THE INPUT -
lemma weq_toll_shift:
  assumes w: "wardrop n a b t x" and all_used: "\<forall>j<n. 0 < x j" and i: "i < n"
    and own_pos: "0 < x i - d / toll_slope i"
    and others_pos: "\<forall>j\<in>{..<n}-{i}. 0 < x j + d / (toll_slope i * inv_slope_sum i * a j)"
  shows "weq n a b (t(i := t i + d)) =
    (\<lambda>j. if j = i then x i - d / toll_slope i
         else if j < n then x j + d / (toll_slope i * inv_slope_sum i * a j) else 0)"
    (is "_ = ?y")
proof (rule weq_eqI)
  have \<sigma>: "0 < toll_slope i" by (rule toll_slope_pos[OF i])
  obtain K where level: "\<And>j. j < n \<Longrightarrow> 0 < x j \<Longrightarrow> a j * x j + b j + t j = K"
    using wardrop_common_level[OF w] by blast
  define L where "L = K + d / (toll_slope i * inv_slope_sum i)"
  have new_level: "a j * ?y j + b j + (t(i := t i + d)) j = L" if j: "j < n" for j
  proof (cases "j = i")
    case True
    have "d - a i * (d / toll_slope i) = d * (toll_slope i - a i) / toll_slope i"
      using \<sigma> by (simp add: field_simps)
    also have "\<dots> = d / (toll_slope i * inv_slope_sum i)"
      unfolding toll_slope_def by simp
    finally have "d - a i * (d / toll_slope i) = d / (toll_slope i * inv_slope_sum i)" .
    then show ?thesis
      using True level[OF i] all_used i unfolding L_def by (simp add: right_diff_distrib)
  next
    case False
    have "a j * (d / (toll_slope i * inv_slope_sum i * a j)) = d / (toll_slope i * inv_slope_sum i)"
      using a_pos j by (simp add: less_imp_neq[symmetric])
    then show ?thesis using False j level[OF j] all_used unfolding L_def by (simp add: distrib_left)
  qed
  show "wardrop n a b (t(i := t i + d)) ?y" unfolding wardrop_def
  proof (intro conjI allI impI)
    show "0 \<le> ?y j" if "j < n" for j using own_pos others_pos that by (auto simp: less_imp_le)
    show "?y j = 0" if "n \<le> j" for j using that i by auto
    show "a j * ?y j + b j + (t(i := t i + d)) j \<le> a k * ?y k + b k + (t(i := t i + d)) k"
      if "j < n" "k < n" "0 < ?y j" for j k using new_level that by simp
    have "(\<Sum>j<n. ?y j) = ?y i + (\<Sum>j\<in>{..<n}-{i}. ?y j)"
      using sum.remove[of "{..<n}" i ?y] i by simp
    also have "(\<Sum>j\<in>{..<n}-{i}. ?y j) = (\<Sum>j\<in>{..<n}-{i}. x j + d / (toll_slope i * inv_slope_sum i * a j))"
      by (rule sum.cong) auto
    also have "\<dots> = (1 - x i) + d / toll_slope i"
      using wardrop_sum_others[OF w i] sum_toll_shift_others by (simp add: sum.distrib)
    finally show "(\<Sum>j<n. ?y j) = 1" by simp
  qed
qed

lemma eventually_profit_toll_shift:
  assumes w: "wardrop n a b t x" and all_used: "\<forall>j<n. 0 < x j" and i: "i < n"
  shows "\<forall>\<^sub>F d in at 0. profit n a b (t(i := t i + d)) i = (t i + d) * (x i - d / toll_slope i)"
proof -
  have "\<forall>\<^sub>F d in at 0. 0 < x i - d / toll_slope i"
    by (rule order_tendstoD(1)[of _ "x i"]) (use all_used i toll_slope_pos[OF i] in \<open>auto intro!: tendsto_eq_intros\<close>)
  moreover have "\<forall>\<^sub>F d in at 0. \<forall>j\<in>{..<n}-{i}. 0 < x j + d / (toll_slope i * inv_slope_sum i * a j)"
    by (intro eventually_ball_finite ballI order_tendstoD(1)[of _ "x _"])
       (use all_used a_pos toll_slope_pos[OF i] inv_slope_sum_pos[of i] in \<open>auto intro!: tendsto_eq_intros\<close>)
  ultimately show ?thesis
    by eventually_elim (simp add: profit_def weq_toll_shift[OF w all_used i])
qed

lemma capped_eq_tolls:
  assumes "t \<in> capped_eq n a b c"
  shows "\<forall>j<n. 0 \<le> t j \<and> t j \<le> c" "\<forall>j\<ge>n. t j = 0"
    and "\<And>j t'. j < n \<Longrightarrow> 0 \<le> t' \<Longrightarrow> t' \<le> c \<Longrightarrow> profit n a b (t(j := t')) j \<le> profit n a b t j"
  using assms unfolding capped_eq_def by auto

lemma capped_eq_all_used:
  assumes c: "0 \<le> c" and t: "t \<in> capped_eq n a b c" and i: "i < n"
  shows "0 < weq n a b t i"
proof (rule ccontr)
  note t_range = capped_eq_tolls(1)[OF t] and best = capped_eq_tolls(3)[OF t]
  assume "\<not> 0 < weq n a b t i"
  then have unused: "weq n a b t i = 0"
    using wardrop_unused[OF weq_wardrop_tolls] t_range i by simp
  show False
  proof (cases "c = 0")
    case True
    then have "t = (\<lambda>_. 0)" using t_range capped_eq_tolls(2)[OF t] by (metis antisym not_less)
    then show False using unused untolled_interior i by (metis less_irrefl)
  next
    case False
    define t' where "t' = min c ((untolled_level - b i) / 2)"
    have t': "0 < t'" "t' \<le> c" "t' < untolled_level - b i"
      using c False b_lt_untolled_level[OF i] unfolding t'_def by (auto simp: min_def)
    have s: "\<forall>j<n. 0 \<le> (t(i := t')) j" using t_range t' by auto
    have "0 < weq n a b (t(i := t')) i"
      by (rule wardrop_used_if_toll_below_untolled_level[OF s weq_wardrop_tolls[OF s] i]) (use t' in simp)
    then have "0 < profit n a b (t(i := t')) i" unfolding profit_def using t' by simp
    also have "\<dots> \<le> profit n a b t i" using best i t' by simp
    also have "\<dots> = 0" using unused by (simp add: profit_def)
    finally show False by simp
  qed
qed

text \<open>Otherwise a small move of t i towards toll_slope i * x i within [0, c] would pay.\<close>
lemma capped_eq_toll:
  assumes c: "0 \<le> c" and t: "t \<in> capped_eq n a b c" and i: "i < n"
  shows "t i = min (toll_slope i * weq n a b t i) c"
proof (rule ccontr)
  note t_range = capped_eq_tolls(1)[OF t] and best = capped_eq_tolls(3)[OF t]
  define x where "x = weq n a b t"
  define g where "g = toll_slope i * x i - t i"
  have \<sigma>: "0 < toll_slope i" by (rule toll_slope_pos[OF i])
  have all_used: "\<forall>j<n. 0 < x j" using capped_eq_all_used[OF c t] unfolding x_def by blast
  have w: "wardrop n a b t x" unfolding x_def by (rule weq_wardrop_tolls) (use t_range in auto)
  have gain: "\<forall>\<^sub>F d in at 0. profit n a b (t(i := t i + d)) i - profit n a b t i = d * (g - d) / toll_slope i"
    using eventually_profit_toll_shift[OF w all_used i]
    by eventually_elim (use \<sigma> in \<open>simp add: profit_def x_def[symmetric] g_def field_simps\<close>)
  assume "t i \<noteq> min (toll_slope i * x i) c"
  then consider (raise) "0 < g" "t i < c" | (lower) "g < 0"
    using t_range i unfolding g_def by (fastforce simp: min_def split: if_splits)
  then obtain d where d: "0 \<le> t i + d" "t i + d \<le> c" "0 < d * (g - d)"
    and d_gain: "profit n a b (t(i := t i + d)) i - profit n a b t i = d * (g - d) / toll_slope i"
  proof cases
    case raise
    then obtain d where "0 < d" "d < min g (c - t i)"
      and "profit n a b (t(i := t i + d)) i - profit n a b t i = d * (g - d) / toll_slope i"
      using eventually_at_0_witnesses(1)[OF gain, of "min g (c - t i)"] by auto
    then show thesis by (intro that[of d]) (use t_range i in \<open>auto intro!: mult_pos_pos\<close>)
  next
    case lower
    have "0 < t i" using lower all_used \<sigma> i unfolding g_def by (smt (verit) mult_pos_pos)
    then obtain d where "- min (- g) (t i) < d" "d < 0"
      and "profit n a b (t(i := t i + d)) i - profit n a b t i = d * (g - d) / toll_slope i"
      using eventually_at_0_witnesses(2)[OF gain, of "min (- g) (t i)"] lower by auto
    then show thesis by (intro that[of d]) (use t_range i in \<open>auto intro!: mult_neg_neg\<close>)
  qed
  have "0 < d * (g - d) / toll_slope i" using d(3) \<sigma> by (rule divide_pos_pos)
  then have "profit n a b t i < profit n a b (t(i := t i + d)) i" using d_gain by simp
  with best[OF i d(1,2)] show False by simp
qed

lemma candidate_toll: "candidate n a b c t x \<Longrightarrow> i < n \<Longrightarrow> t i = min (toll_slope i * x i) c"
  unfolding candidate_def toll_slope_def inv_slope_sum_def by simp

text \<open>Since a_i x + min (toll_slope i * x) c is strictly increasing in x, a higher common
  cost level forces a higher flow on every link.\<close>
lemma candidate_flows_mono:
  assumes "candidate n a b c t x" and "candidate n a b c t' x'"
    and "\<forall>i<n. a i * x i + b i + t i = K" and "\<forall>i<n. a i * x' i + b i + t' i = K'"
    and "K \<le> K'" and "i < n"
  shows "x i \<le> x' i"
proof (rule ccontr)
  assume "\<not> x i \<le> x' i"
  then have "a i * x' i < a i * x i" "toll_slope i * x' i \<le> toll_slope i * x i"
    using a_pos toll_slope_pos \<open>i < n\<close> by auto
  then have "a i * x' i + b i + t' i < a i * x i + b i + t i"
    using candidate_toll[OF assms(1,6)] candidate_toll[OF assms(2,6)] by (simp add: min_def)
  with assms(3-6) show False by simp
qed

lemma candidate_unique:
  assumes ct: "candidate n a b c t x" and ct': "candidate n a b c t' x'"
  shows "\<forall>i<n. t i = t' i \<and> x i = x' i"
proof -
  have flows_eq: "\<forall>i<n. x i = x' i"
    if ct: "candidate n a b c t x" and ct': "candidate n a b c t' x'"
      and K: "\<forall>i<n. a i * x i + b i + t i = K" and K': "\<forall>i<n. a i * x' i + b i + t' i = K'"
      and "K \<le> K'" for t x t' x' K K'
  proof -
    have le: "\<forall>i\<in>{..<n}. 0 \<le> x' i - x i"
      using candidate_flows_mono[OF ct ct' K K' \<open>K \<le> K'\<close>] by simp
    have "(\<Sum>i<n. x' i - x i) = 0"
      using ct ct' unfolding candidate_def by (simp add: sum_subtractf)
    then show ?thesis using sum_nonneg_eq_0_iff[of "{..<n}" "\<lambda>i. x' i - x i"] le by simp
  qed
  obtain K K' where "\<forall>i<n. a i * x i + b i + t i = K" "\<forall>i<n. a i * x' i + b i + t' i = K'"
    using ct ct' unfolding candidate_def by blast
  then have "\<forall>i<n. x i = x' i"
    using flows_eq[OF ct ct'] flows_eq[OF ct' ct] by (metis linear)
  then show ?thesis using candidate_toll[OF ct] candidate_toll[OF ct'] by simp
qed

EXERCISE - If the word "intro" appears in a line above, copy that line.

WRITTEN ANSWER -
  proof (intro conjI allI impI)
    by (rule order_tendstoD(1)[of _ "x i"]) (use all_used i toll_slope_pos[OF i] in \<open>auto intro!: tendsto_eq_intros\<close>)
    by (intro eventually_ball_finite ballI order_tendstoD(1)[of _ "x _"])
       (use all_used a_pos toll_slope_pos[OF i] inv_slope_sum_pos[of i] in \<open>auto intro!: tendsto_eq_intros\<close>)
    then show thesis by (intro that[of d]) (use t_range i in \<open>auto intro!: mult_pos_pos\<close>)
    then show thesis by (intro that[of d]) (use t_range i in \<open>auto intro!: mult_neg_neg\<close>)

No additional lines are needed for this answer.